Member of the U.S. House of Representatives from Missouri's 15th district
- In office March 4, 1923 – March 3, 1933
- Preceded by: Isaac V. McPherson
- Succeeded by: District dissolved

Personal details
- Born: October 1, 1876 near Carthage, Missouri, U.S.
- Died: January 31, 1956 (aged 79) Joplin, Missouri, U.S.
- Resting place: Mount Hope Cemetery
- Party: Republican
- Alma mater: Presbyterian Academy

= Joe J. Manlove =

American politician (1876–1956)

Joe Jonathan Manlove (October 1, 1876 – January 31, 1956) was a U.S. Representative from Missouri.

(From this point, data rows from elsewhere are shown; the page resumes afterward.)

(* Consider any realization of a run of Algorithm 4 (described in the context) under the standing assumption. For every $k\in\mathcal{K}$, if $k\in\mathcal{U}$ then $\delta_k>3(1-\eta)\epsilon_H/(2L_H)$. Consequently, for every realization, \[ \delta_k\ \ge\ \bar\delta_{\min}:=\min\Big\{\delta_0,\ \tfrac{3\gamma_1(1-\eta)}{2L_H}\epsilon_H\Big\}\in(0,\infty)\quad\text{for all }k\in\mathcal{K}. \]
   Context: Let $f:\mathbb{R}^n\to\mathbb{R}$ with gradient $g=\nabla f$ and Hessian $H=\nabla^2f$; $\|\cdot\|$ is the Euclidean norm, $\lambda_{\min}$ the smallest eigenvalue, $\mathbb{S}^n$ the real symmetric $n\times n$ matrices. Write $f_k=f(x_k)$, $g_k=g(x_k)$, $H_k=H(x_k)$, $m_k(x)=f_k+g_k^T(x-x_k)+\tfrac12(x-x_k)^TH_k(x-x_k)$. Exact arithmetic is assumed. Algorithm 2 (truncated CG; inputs nonzero $g$, $H\in\mathbb{S}^n$, $\epsilon>0$, $\delta>0$, $\zeta\in(0,1)$, flag capCG, and $M\ge\|H\|$): $k_{\max}=\min\{n,\tfrac12\sqrt{\kappa}\ln(4\kappa^{3/2}/\zeta)\}$ with $\kappa=(M+2\epsilon)/\epsilon$ if capCG is true, else $k_{\max}=n$. Set $y_0=0,r_0=g,p_0=-g,j=0$. While $j<k_{\max}$: if $p_j^T(H+2\epsilon I)p_j\le\epsilon\|p_j\|^2$, return $s=y_j+\sigma p_j$ with $\sigma\ge0$, $\|s\|=\delta$, flag BND-NEG; set $\alpha_j=\|r_j\|^2/(p_j^T(H+2\epsilon I)p_j)$, $y_{j+1}=y_j+\alpha_jp_j$; if $\|y_{j+1}\|\ge\delta$, return $s=y_j+\sigma p_j$ with $\sigma\ge0$, $\|s\|=\delta$, flag BND-NORM; set $r_{j+1}=r_j+\alpha_j(H+2\epsilon I)p_j$; if $\|r_{j+1}\|\le\tfrac\zeta2\min\{\|g\|,\epsilon\|y_{j+1}\|\}$, return $s=y_{j+1}$, flag INT-RES; set $\beta_{j+1}=\|r_{j+1}\|^2/\|r_j\|^2$, $p_{j+1}=-r_{j+1}+\beta_{j+1}p_j$, $j\leftarrow j+1$. On loop exit return $s=y_j$, flag INT-MAX. Algorithm 3 (minimum eigenvalue oracle, MEO; inputs $g$, $H\in\mathbb{S}^n$, $\epsilon>0$, $\delta>0$, $\xi\in(0,1)$, $M\ge\|H\|$): a possibly randomized procedure that either returns $s=\pm\delta v$ with $\|v\|=1$, $v^THv\le-\epsilon/2$, satisfying $g^Ts\le0$, $s^THs\le-\tfrac12\epsilon\|s\|^2$, $\|s\|=\delta$, or returns an indication that $H\succeq-\epsilon I$. Algorithm 4 (inexact trust-region Newton-CG). Inputs: $\epsilon_g,\epsilon_H>0$; $\gamma_1\in(0,1)$, $\gamma_2\ge1$, $\psi\in(1/\gamma_2,1]$; $x_0$; $\delta_0>0$; $\delta_{\max}\ge\delta_0$; $\eta\in(0,1)$; $\zeta\in(0,1)$; $\xi\in[0,1)$; capCG; $M\ge L_g$. For $k=0,1,\dots$: evaluate $g_k,H_k$. If $g_k\ne0$, call Algorithm 2 with $(g_k,H_k,\epsilon_H,\delta_k,\zeta,\text{capCG},M)$ obtaining $s_k^{CG}$ and flag outCG; else set $s_k^{CG}=0$, outCG$=$INT-RES. If outCG$\in\{$BND-NEG, BND-NORM$\}$ or ($\|g_k\|>\epsilon_g$ and outCG$=$INT-RES), set $s_k=s_k^{CG}$. Otherwise call Algorithm 3 with $(g_k,H_k,\epsilon_H,\delta_k,\xi,M)$; if it indicates $H_k\succeq-\epsilon_HI$, return $x_k$ (terminate), else take its output as $s_k$. Set $\rho_k=\frac{f_k-f(x_k+s_k)}{m_k(x_k)-m_k(x_k+s_k)}$. If $\rho_k\ge\eta$: $x_{k+1}=x_k+s_k$ and $\delta_{k+1}=\min\{\gamma_2\delta_k,\delta_{\max}\}$ if $\|s_k\|\ge\psi\delta_k$, else $\delta_{k+1}=\delta_k$. If $\rho_k<\eta$: $x_{k+1}=x_k$, $\delta_{k+1}=\gamma_1\|s_k\|$. $\mathcal{K}$ is the set of indices $k$ such that iteration $k$ is completed without termination (for the given realization); $\mathcal{U}=\{k\in\mathcal{K}:\rho_k<\eta\}$. Standing assumption: $\{f_k\}$ is bounded below by some $f_{\rm low}\in\mathbb{R}$, and all segments $[x_k,x_k+s_k]$ lie in an open set on which $f$ is twice continuously differentiable with gradient Lipschitz with constant $L_g>0$ and Hessian Lipschitz with constant $L_H>0$. *)

theory Defs
  imports "HOL-Analysis.Analysis"
begin

section \<open>Algorithm 2: truncated (capped) conjugate gradient\<close>

datatype cg_flag = BND_NEG | BND_NORM | INT_RES | INT_MAX

definition cg_kmax :: "bool \<Rightarrow> real \<Rightarrow> real \<Rightarrow> real \<Rightarrow> nat \<Rightarrow> real" where
  "cg_kmax capCG M \<epsilon> \<zeta> n =
     (if capCG then
        (let \<kappa> = (M + 2 * \<epsilon>) / \<epsilon>
         in min (real n) ((1/2) * sqrt \<kappa> * ln (4 * \<kappa> powr (3/2) / \<zeta>)))
      else real n)"

definition shiftH :: "real^'n^'n \<Rightarrow> real \<Rightarrow> real^'n^'n" where
  "shiftH H \<epsilon> = H + (2 * \<epsilon>) *\<^sub>R mat 1"

text \<open>The sequences y, r, p are the CG iterates; J is the index at which the loop is left.
  Exact arithmetic; the run is completely described by the recurrences.\<close>
definition truncated_cg ::
  "real^'n \<Rightarrow> real^'n^'n \<Rightarrow> real \<Rightarrow> real \<Rightarrow> real \<Rightarrow> bool \<Rightarrow> real \<Rightarrow> real^'n \<Rightarrow> cg_flag \<Rightarrow> bool"
where
  "truncated_cg g H \<epsilon> \<delta> \<zeta> capCG M s flag \<longleftrightarrow>
    (let kmax = cg_kmax capCG M \<epsilon> \<zeta> CARD('n); Hb = shiftH H \<epsilon> in
     \<exists>(y::nat \<Rightarrow> real^'n) r p J.
       y 0 = 0 \<and> r 0 = g \<and> p 0 = - g \<and>
       (\<forall>j<J. real j < kmax \<and>
          p j \<bullet> (Hb *v p j) > \<epsilon> * (norm (p j))\<^sup>2 \<and>
          (let \<alpha> = (norm (r j))\<^sup>2 / (p j \<bullet> (Hb *v p j)) in
             y (Suc j) = y j + \<alpha> *\<^sub>R p j \<and>
             norm (y (Suc j)) < \<delta> \<and>
             r (Suc j) = r j + \<alpha> *\<^sub>R (Hb *v p j) \<and>
             \<not> (norm (r (Suc j)) \<le> (\<zeta> / 2) * min (norm g) (\<epsilon> * norm (y (Suc j)))) \<and>
             p (Suc j) = - r (Suc j) + ((norm (r (Suc j)))\<^sup>2 / (norm (r j))\<^sup>2) *\<^sub>R p j)) \<and>
       ( (kmax \<le> real J \<and> flag = INT_MAX \<and> s = y J)
       \<or> (real J < kmax \<and> p J \<bullet> (Hb *v p J) \<le> \<epsilon> * (norm (p J))\<^sup>2 \<and>
           flag = BND_NEG \<and> (\<exists>\<sigma>\<ge>0. s = y J + \<sigma> *\<^sub>R p J \<and> norm s = \<delta>))
       \<or> (real J < kmax \<and> p J \<bullet> (Hb *v p J) > \<epsilon> * (norm (p J))\<^sup>2 \<and>
           (let \<alpha> = (norm (r J))\<^sup>2 / (p J \<bullet> (Hb *v p J));
                yn = y J + \<alpha> *\<^sub>R p J;
                rn = r J + \<alpha> *\<^sub>R (Hb *v p J) in
              (norm yn \<ge> \<delta> \<and> flag = BND_NORM \<and>
                 (\<exists>\<sigma>\<ge>0. s = y J + \<sigma> *\<^sub>R p J \<and> norm s = \<delta>))
            \<or> (norm yn < \<delta> \<and> norm rn \<le> (\<zeta> / 2) * min (norm g) (\<epsilon> * norm yn) \<and>
                 flag = INT_RES \<and> s = yn)))))"

section \<open>Algorithm 3: minimum eigenvalue oracle (specification of an output)\<close>

text \<open>A (possibly randomized) MEO realization either returns a vector s (Some s) with the
  stated properties, or (None) an indication that H is PSD up to -eps; the latter leads
  to termination of Algorithm 4.\<close>
definition meo_returns :: "real^'n \<Rightarrow> real^'n^'n \<Rightarrow> real \<Rightarrow> real \<Rightarrow> real^'n \<Rightarrow> bool" where
  "meo_returns g H \<epsilon> \<delta> s \<longleftrightarrow>
     (\<exists>v. norm v = 1 \<and> v \<bullet> (H *v v) \<le> - \<epsilon> / 2 \<and> (s = \<delta> *\<^sub>R v \<or> s = - (\<delta> *\<^sub>R v))) \<and>
     g \<bullet> s \<le> 0 \<and> s \<bullet> (H *v s) \<le> - (1/2) * \<epsilon> * (norm s)\<^sup>2 \<and> norm s = \<delta>"

section \<open>Algorithm 4: inexact trust-region Newton-CG\<close>

definition qmodel :: "(real^'n \<Rightarrow> real) \<Rightarrow> (real^'n \<Rightarrow> real^'n) \<Rightarrow> (real^'n \<Rightarrow> real^'n^'n)
    \<Rightarrow> real^'n \<Rightarrow> real^'n \<Rightarrow> real" where
  "qmodel f g H xk x = f xk + g xk \<bullet> (x - xk) + (1/2) * ((x - xk) \<bullet> (H xk *v (x - xk)))"

definition tr_rho :: "(real^'n \<Rightarrow> real) \<Rightarrow> (real^'n \<Rightarrow> real^'n) \<Rightarrow> (real^'n \<Rightarrow> real^'n^'n)
    \<Rightarrow> real^'n \<Rightarrow> real^'n \<Rightarrow> real" where
  "tr_rho f g H xk sk =
     (f xk - f (xk + sk)) / (qmodel f g H xk xk - qmodel f g H xk (xk + sk))"

definition alg4_cg_call :: "(real^'n \<Rightarrow> real^'n) \<Rightarrow> (real^'n \<Rightarrow> real^'n^'n) \<Rightarrow> real \<Rightarrow> real
    \<Rightarrow> bool \<Rightarrow> real \<Rightarrow> real^'n \<Rightarrow> real \<Rightarrow> real^'n \<Rightarrow> cg_flag \<Rightarrow> bool" where
  "alg4_cg_call g H \<epsilon>H \<zeta> capCG M xk dk sCG outCG \<longleftrightarrow>
     (if g xk \<noteq> 0 then truncated_cg (g xk) (H xk) \<epsilon>H dk \<zeta> capCG M sCG outCG
      else sCG = 0 \<and> outCG = INT_RES)"

definition alg4_use_cg :: "real \<Rightarrow> real^'n \<Rightarrow> cg_flag \<Rightarrow> bool" where
  "alg4_use_cg \<epsilon>g gk outCG \<longleftrightarrow>
     outCG \<in> {BND_NEG, BND_NORM} \<or> (norm gk > \<epsilon>g \<and> outCG = INT_RES)"

definition alg4_step :: "(real^'n \<Rightarrow> real) \<Rightarrow> (real^'n \<Rightarrow> real^'n) \<Rightarrow> (real^'n \<Rightarrow> real^'n^'n)
    \<Rightarrow> real \<Rightarrow> real \<Rightarrow> real \<Rightarrow> real \<Rightarrow> real \<Rightarrow> real \<Rightarrow> real \<Rightarrow> real \<Rightarrow> bool \<Rightarrow> real
    \<Rightarrow> real^'n \<Rightarrow> real \<Rightarrow> real^'n \<Rightarrow> real^'n \<Rightarrow> real \<Rightarrow> bool" where
  "alg4_step f g H \<epsilon>g \<epsilon>H \<gamma>1 \<gamma>2 \<psi> \<delta>max \<eta> \<zeta> capCG M xk dk sk x' d' \<longleftrightarrow>
     (\<exists>sCG outCG. alg4_cg_call g H \<epsilon>H \<zeta> capCG M xk dk sCG outCG \<and>
        (if alg4_use_cg \<epsilon>g (g xk) outCG then sk = sCG
         else meo_returns (g xk) (H xk) \<epsilon>H dk sk)) \<and>
     (if tr_rho f g H xk sk \<ge> \<eta>
      then x' = xk + sk \<and> d' = (if norm sk \<ge> \<psi> * dk then min (\<gamma>2 * dk) \<delta>max else dk)
      else x' = xk \<and> d' = \<gamma>1 * norm sk)"

text \<open>Iteration k of Algorithm 4 reaches the MEO call (and terminates there, when the
  MEO reports H_k >= -eps_H I).\<close>
definition alg4_reaches_meo :: "(real^'n \<Rightarrow> real^'n) \<Rightarrow> (real^'n \<Rightarrow> real^'n^'n)
    \<Rightarrow> real \<Rightarrow> real \<Rightarrow> real \<Rightarrow> bool \<Rightarrow> real \<Rightarrow> real^'n \<Rightarrow> real \<Rightarrow> bool" where
  "alg4_reaches_meo g H \<epsilon>g \<epsilon>H \<zeta> capCG M xk dk \<longleftrightarrow>
     (\<exists>sCG outCG. alg4_cg_call g H \<epsilon>H \<zeta> capCG M xk dk sCG outCG \<and>
        \<not> alg4_use_cg \<epsilon>g (g xk) outCG)"

text \<open>A realization of a run of Algorithm 4: iterates x, radii d, trial steps s, and the set
  K of iterations completed without termination.\<close>
definition alg4_run :: "(real^'n \<Rightarrow> real) \<Rightarrow> (real^'n \<Rightarrow> real^'n) \<Rightarrow> (real^'n \<Rightarrow> real^'n^'n)
    \<Rightarrow> real \<Rightarrow> real \<Rightarrow> real \<Rightarrow> real \<Rightarrow> real \<Rightarrow> real^'n \<Rightarrow> real \<Rightarrow> real \<Rightarrow> real \<Rightarrow> real
    \<Rightarrow> bool \<Rightarrow> real
    \<Rightarrow> (nat \<Rightarrow> real^'n) \<Rightarrow> (nat \<Rightarrow> real) \<Rightarrow> (nat \<Rightarrow> real^'n) \<Rightarrow> nat set \<Rightarrow> bool" where
  "alg4_run f g H \<epsilon>g \<epsilon>H \<gamma>1 \<gamma>2 \<psi> x0 \<delta>0 \<delta>max \<eta> \<zeta> capCG M x d s K \<longleftrightarrow>
     x 0 = x0 \<and> d 0 = \<delta>0 \<and>
     (\<forall>k\<in>K. \<forall>j<k. j \<in> K) \<and>
     (\<forall>k\<in>K. alg4_step f g H \<epsilon>g \<epsilon>H \<gamma>1 \<gamma>2 \<psi> \<delta>max \<eta> \<zeta> capCG M
                (x k) (d k) (s k) (x (Suc k)) (d (Suc k))) \<and>
     (\<forall>k. k \<notin> K \<longrightarrow> (\<forall>j<k. j \<in> K) \<longrightarrow> alg4_reaches_meo g H \<epsilon>g \<epsilon>H \<zeta> capCG M (x k) (d k))"

end

theory Submission
  imports Defs
begin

Born on a farm near Carthage, Missouri, Manlove attended the public schools and graduated from Presbyterian Academy at Mount Vernon, Missouri. He studied law. He was admitted to the bar in 1897 and commenced practice in Mount Vernon, Missouri. He also engaged in agricultural pursuits, in the livestock business, and in the general development of southwest Missouri. He was an unsuccessful Republican candidate for election in 1914 to the Sixty-fourth Congress and in 1916 to the Sixty-fifth Congress.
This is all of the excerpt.